Di Mindy Weisberger – scrittore senior – un mese fa

 

Lo stretto involucro, apposto nell’età infantile, produceva teschi deliberatamente deformati.

Cranio artificialmente deformato di una donna adulta. L’involucro permanente, apposto durante l’infanzia, causava l’allungamento della scatola cranica e le depressioni nel teschio.

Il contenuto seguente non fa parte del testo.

lemma ex_outer_fixed_left_if_perturbations_rank_le_1:
  fixes H :: "complex^'m^'n"
  assumes e: "e \<noteq> 0" and f: "f \<noteq> 0" and d: "\<not> proportional d f"
    and H: "rank H \<le> 1"
    and Hb: "rank (H + outer e b) \<le> 1"
    and Hd: "rank (H + outer e d) \<le> 1"
    and Hbd: "rank (H + outer e d + outer e b + outer e f) \<le> 1"
  shows "\<exists>y. H = outer e y"
proof -
  have "rank (conj_transpose H + outer b e) \<le> 1"
    "rank (conj_transpose H + outer d e) \<le> 1"
    "rank (conj_transpose H + outer d e + outer b e + outer f e) \<le> 1"
    using rank_conj_transpose_le_1[OF Hb] rank_conj_transpose_le_1[OF Hd] rank_conj_transpose_le_1[OF Hbd]
    by simp_all
  then obtain y where "conj_transpose H = outer y e"
    using ex_outer_fixed_right_if_perturbations_rank_le_1[OF f e d] H rank_conj_transpose_le_1
    by blast
  then have "H = outer e y"
    using conj_transpose_conj_transpose[of H] by simp
  then show ?thesis ..
qed

locale rank_one_preserving =
  fixes p :: "complex^'m^'n \<Rightarrow> complex^'m^'n \<Rightarrow> complex^'m^'n"
  assumes ropp: "ropp p"
begin

lemma add_left: "p (A + B) C = p A C + p B C"
  and add_right: "p A (B + C) = p A B + p A C"
  and scale_left: "p (mscale c A) B = mscale c (p A B)"
  and scale_right: "p A (mscale c B) = mscale c (p A B)"
  and assoc: "p (p A B) C = p A (p B C)"
  using ropp unfolding ropp_def mat_bilinear_def by blast+

lemma zero_left [simp]: "p 0 B = 0"
  using add_left[of 0 0 B] by simp
(* Let $\rho>1$. There exists $C=C(\rho)$ such that for all $\sigma_0,\sigma_1,\sigma_2\in\mathbb{R}$, \[ \int_{-\infty}^{\infty}\frac{dx}{\langle x^3+\sigma_2x^2+\sigma_1x+\sigma_0\rangle^{\rho}}\le C\langle3\sigma_1-\sigma_2^2\rangle^{-\frac14}. \]
   Context: $\langle x\rangle=1+|x|$. *)

theory Defs
  imports "HOL-Analysis.Analysis"
begin

definition jb :: "real \<Rightarrow> real" where
  "jb x = 1 + \<bar>x\<bar>"

end

theory Submission
  imports Defs
begin

text \<open>Completing the cube, \<open>x\<^sup>3 + \<sigma>\<^sub>2 x\<^sup>2 + \<sigma>\<^sub>1 x + \<sigma>\<^sub>0 = (x + s)\<^sup>3 - 3c(x + s) + e\<close> with
  \<open>s = \<sigma>\<^sub>2/3\<close> and \<open>9c = \<sigma>\<^sub>2\<^sup>2 - 3\<sigma>\<^sub>1\<close>, so \<open>f' = 3((x + s)\<^sup>2 - c)\<close> changes sign at most twice.
  On an interval where \<open>f\<close> is monotone, the substitution \<open>u = f x\<close> bounds
  \<open>\<integral> |f'| \<langle>f\<rangle>\<^sup>-\<^sup>\<rho>\<close> by \<open>\<integral>\<langle>u\<rangle>\<^sup>-\<^sup>\<rho> du = 2/(\<rho> - 1)\<close>, hence \<open>\<integral> |f'| \<langle>f\<rangle>\<^sup>-\<^sup>\<rho> \<le> 6/(\<rho> - 1)\<close> on the
  whole line. Off the set where \<open>|(x + s)\<^sup>2 - c| < \<epsilon>\<close>, which has measure at most
  \<open>4\<epsilon>/\<surd>(|c| + \<epsilon>)\<close>, we have \<open>|f'| \<ge> 3\<epsilon>\<close> and so \<open>\<langle>f\<rangle>\<^sup>-\<^sup>\<rho> \<le> |f'| \<langle>f\<rangle>\<^sup>-\<^sup>\<rho> / (3\<epsilon>)\<close>.
  The choice \<open>\<epsilon> = \<langle>c\<rangle>\<^sup>1\<^sup>/\<^sup>4\<close> makes both contributions \<open>O(\<langle>c\<rangle>\<^sup>-\<^sup>1\<^sup>/\<^sup>4)\<close>.\<close>

definition jb_primitive :: "real \<Rightarrow> real \<Rightarrow> real" where
  "jb_primitive r u = sgn u * (1 - jb u powr (1 - r)) / (r - 1)"
lemma up_set_set_mult:
  assumes "H \<subseteq> carrier G" "K \<subseteq> carrier G"
  shows "up_set G U (H <#> K) \<subseteq> up_set G U H <#>\<^bsub>P\<^esub> up_set G U K"
proof
  fix A assume "A \<in> up_set G U (H <#> K)"
  then obtain f where f: "f \<in> UNIV \<rightarrow> H <#> K" "A = cls f"
    by (auto simp: up_set_def)
  have "\<forall>i. \<exists>hk. fst hk \<in> H \<and> snd hk \<in> K \<and> f i = fst hk \<otimes> snd hk"
    using f(1) by (fastforce simp: set_mult_def)
  then obtain hk where hk: "\<And>i. fst (hk i) \<in> H" "\<And>i. snd (hk i) \<in> K"
    "\<And>i. f i = fst (hk i) \<otimes> snd (hk i)"
    by metis
  define h k where "h = (\<lambda>i. fst (hk i))" and "k = (\<lambda>i. snd (hk i))"
  have hk_seq: "h \<in> UNIV \<rightarrow> H" "k \<in> UNIV \<rightarrow> K"
    using hk by (auto simp: h_def k_def)
  have "h \<in> Seq" "k \<in> Seq"
    using hk(1,2) assms by (auto simp: h_def k_def)
  moreover have "f = (\<lambda>i. h i \<otimes> k i)"
    using hk(3) by (simp add: h_def k_def fun_eq_iff)
  ultimately have "A = cls h \<otimes>\<^bsub>P\<^esub> cls k"
    using f(2) by (simp add: mult_ultrapower)
  with hk_seq show "A \<in> up_set G U H <#>\<^bsub>P\<^esub> up_set G U K"
    unfolding up_set_def set_mult_def by blast
qed


lemma Seq_apply [simp]: "f \<in> Seq \<Longrightarrow> f i \<in> carrier G"
  by auto
lemma inverse_nonnegative_preserved:
  fixes X Y :: "real ^ 'n ^ 'n"
  assumes "inverse_nonnegative X \<and> inverse_nonnegative Y \<or>
      inverse_nonnegative (- X) \<and> inverse_nonnegative (- Y)"
    and "inverse_nonnegative A"
  shows "inverse_nonnegative (X ** A ** Y)"
proof -
  have "X ** A ** Y = (- X) ** A ** (- Y)"
    by (simp add: matrix_mult_uminus_left matrix_mult_uminus_right)
  then show ?thesis
    using assms inverse_nonnegative_mult by metis
qed

theorem mainTheorem6:
  fixes X Y :: "real ^ 'n ^ 'n"
  shows "(\<forall>A :: real ^ 'n ^ 'n. minimally_semipositive A \<longrightarrow>
            minimally_semipositive (X ** A ** Y))
     \<longleftrightarrow> ((inverse_nonnegative X \<and> inverse_nonnegative Y) \<or>
          (inverse_nonnegative (- X) \<and> inverse_nonnegative (- Y)))"
  unfolding minimally_semipositive_iff_inverse_nonnegative
  using inverse_nonnegative_preserver_cases inverse_nonnegative_preserved by blast

end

(Immagine: © Balázs G. Mende. Centro di Ricerca per le Discipline Umanistiche, Accademia Ungherese delle Scienze, Budapest, Ungheria)

 

Nel corso dei decenni, decine di teschi “alieni”, artificialmente deformati, di più di 1.000 anni fa, sono stati rinvenuti in un cimitero in Ungheria. Ora, questi teschi stanno rivelando come il crollo dell’Impero Romano abbia scatenato dei cambiamenti sociali nella regione.

Durante il V secolo d.C., le persone dell’Europa centrale praticavano la legatura del cranio, una pratica che allunga notevolmente la forma della testa. Questi teschi alterati erano così drasticamente deformati, che alcuni li hanno confrontati con le teste di fantascientifici alieni. Il quinto secolo fu anche un periodo di disordini politici, poiché l’Impero Romano crollò e la gente, in Asia e in Europa orientale, fu sfollata dagli invasori Unni, un gruppo nomade asiatico.

Un cimitero in Mözs-Icsei dűlő, in Ungheria, scavato per la prima volta nel 1961, ospitava la più grande collezione di teschi allungati della regione. Un nuovo studio mette insieme come le comunità che allungavano i crani coesistessero con altre culture, durante i periodi di instabilità politica – e come la tradizione di allungamento del cranio potesse essere stata condivisa tra i gruppi.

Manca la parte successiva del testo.